* **WHAT IS REQUIRED**
For the entries below, state how many lines contain the word "longleftrightarrow" and add nothing else.

Saved data entries:

BEGIN

(* Let $(\Omega,\mathfrak S,\mathbb P,\{T_z:z\in\mathcal G\})$ be a measurable ergodic dynamical system, $\ell\ge0$, and let $g:\Omega\times\mathcal R^\ell\to\mathbb R$ be measurable with $g\in\mathcal L$. Then for $\mathbb P$-a.e. $\omega$ \[\limsup_{n\to\infty}\frac1n\log E_0\big[e^{nR_n^{1,\ell}(g)}\big]\le\sup_{\xi\in\mathcal U\cap\mathbb Q^d}\limsup_{n\to\infty}\frac1n\log E_0\big[e^{nR_n^{1,\ell}(g)}1\{X_n=\hat x_n(\xi)\}\big].\]
   Context: Fix $d$, finite $\mathcal R\subset\mathbb Z^d$, $\mathcal G$ the additive subgroup generated by $\mathcal R$; $T_z$ ($z\in\mathcal G$) measurable commuting bijections with $T_{x+y}=T_xT_y$, $T_0=\mathrm{id}$, $\mathbb P$ invariant and ergodic. $P_0,E_0$: random walk $X_n$ from $0$ with i.i.d. steps $Z_k=X_k-X_{k-1}$ uniform on $\mathcal R$; $Z_{i,j}=(Z_i,\dots,Z_j)$. $nR_n^{1,\ell}(g)=\sum_{k=0}^{n-1}g(T_{X_k}\omega,Z_{k+1,k+\ell})$. $D_n=\{z_1+\dots+z_n:z_{1,n}\in\mathcal R^n\}$, $D_0=\{0\}$. Class $\mathcal L$: $h:\Omega\to\mathbb R$ with $h\in L^1(\mathbb P)$ and, for each nonzero $z\in\mathcal R$, a.s. $\limsup_{\varepsilon\to0}\limsup_n\max_{x\in\cup_{k\le n}D_k}\frac1n\sum_{0\le i\le\varepsilon n}|h\circ T_{x+iz}|=0$; $g$ on $\Omega\times\mathcal R^\ell$ is in $\mathcal L$ if each $g(\cdot,z_{1,\ell})$ is. $\mathcal U$ is the convex hull of $\mathcal R$ in $\mathbb R^d$. For each rational $\xi\in\mathcal U$ a positive integer $b(\xi)$ with $b(\xi)\xi\in D_{b(\xi)}$ is fixed, and a path $(\hat x_n(\xi))_{n\ge0}$ with $\hat x_0(\xi)=0$, $\hat x_n(\xi)-\hat x_{n-1}(\xi)\in\mathcal R$, and $\hat x_{jb(\xi)}(\xi)=jb(\xi)\xi$ for all $j\ge0$. *)

theory Defs
  imports "HOL-Probability.Probability"
begin

definition rvec :: "int ^ 'd \<Rightarrow> real ^ 'd" where
  "rvec x = (\<chi> i. real_of_int (x $ i))"

text \<open>Additive subgroup generated by R (R finite).\<close>
definition gen_group :: "(int ^ 'd) set \<Rightarrow> (int ^ 'd) set" where
  "gen_group R = {\<Sum>r\<in>R. c r *s r | c. True}"

definition paths :: "(int ^ 'd) set \<Rightarrow> nat \<Rightarrow> (int ^ 'd) list set" where
  "paths R m = {zs. set zs \<subseteq> R \<and> length zs = m}"

definition Dset :: "(int ^ 'd) set \<Rightarrow> nat \<Rightarrow> (int ^ 'd) set" where
  "Dset R n = sum_list ` paths R n"

definition walkX :: "(int ^ 'd) list \<Rightarrow> nat \<Rightarrow> int ^ 'd" where
  "walkX zs k = sum_list (take k zs)"

text \<open>E_0 of a function of the first m steps: uniform average over R^m.\<close>
definition E0 :: "(int ^ 'd) set \<Rightarrow> nat \<Rightarrow> ((int ^ 'd) list \<Rightarrow> real) \<Rightarrow> real" where
  "E0 R m F = (\<Sum>zs\<in>paths R m. F zs) / real (card R) ^ m"

text \<open>n R_n^{1,l}(g) = sum_{k<n} g(T_{X_k} \<omega>, Z_{k+1,k+l}).\<close>
definition nRn :: "(int ^ 'd \<Rightarrow> 'a \<Rightarrow> 'a) \<Rightarrow> ('a \<Rightarrow> (int ^ 'd) list \<Rightarrow> real) \<Rightarrow> nat
    \<Rightarrow> nat \<Rightarrow> 'a \<Rightarrow> (int ^ 'd) list \<Rightarrow> real" where
  "nRn T g l n \<omega> zs = (\<Sum>k<n. g (T (walkX zs k) \<omega>) (take l (drop k zs)))"

definition nlog :: "nat \<Rightarrow> real \<Rightarrow> ereal" where
  "nlog n a = (if a = 0 then -\<infinity> else ereal (ln a / real n))"

definition classL1 :: "'a measure \<Rightarrow> (int ^ 'd) set \<Rightarrow> (int ^ 'd \<Rightarrow> 'a \<Rightarrow> 'a)
    \<Rightarrow> ('a \<Rightarrow> real) \<Rightarrow> bool" where
  "classL1 M R T h \<longleftrightarrow> integrable M h \<and>
     (\<forall>z\<in>R. z \<noteq> 0 \<longrightarrow>
       (AE \<omega> in M.
         Limsup (at_right (0::real)) (\<lambda>\<epsilon>. Limsup sequentially (\<lambda>n.
           ereal (Max ((\<lambda>x. (1 / real n) * (\<Sum>i\<in>{i::nat. real i \<le> \<epsilon> * real n}.
                 \<bar>h (T (x + int i *s z) \<omega>)\<bar>)) ` (\<Union>k\<le>n. Dset R k))))) = 0))"

definition classL :: "'a measure \<Rightarrow> (int ^ 'd) set \<Rightarrow> (int ^ 'd \<Rightarrow> 'a \<Rightarrow> 'a)
    \<Rightarrow> nat \<Rightarrow> ('a \<Rightarrow> (int ^ 'd) list \<Rightarrow> real) \<Rightarrow> bool" where
  "classL M R T l g \<longleftrightarrow> (\<forall>zs\<in>paths R l. classL1 M R T (\<lambda>\<omega>. g \<omega> zs))"

definition ergodic_system :: "'a measure \<Rightarrow> (int ^ 'd) set \<Rightarrow> (int ^ 'd \<Rightarrow> 'a \<Rightarrow> 'a) \<Rightarrow> bool" where
  "ergodic_system M G T \<longleftrightarrow> prob_space M \<and>
     (\<forall>z\<in>G. T z \<in> measurable M M \<and> bij_betw (T z) (space M) (space M) \<and> distr M M (T z) = M) \<and>
     (\<forall>x\<in>G. \<forall>y\<in>G. \<forall>\<omega>\<in>space M. T (x + y) \<omega> = T x (T y \<omega>)) \<and>
     (\<forall>\<omega>\<in>space M. T 0 \<omega> = \<omega>) \<and>
     (\<forall>A\<in>sets M. (\<forall>z\<in>G. T z -` A \<inter> space M = A) \<longrightarrow> measure M A = 0 \<or> measure M A = 1)"

definition rational_vec :: "real ^ 'd \<Rightarrow> bool" where
  "rational_vec \<xi> \<longleftrightarrow> (\<forall>i. \<xi> $ i \<in> \<rat>)"

end

theory Submission
  imports Defs "HOL-Real_Asymp.Real_Asymp"
begin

END

* **TASK RESULT**
4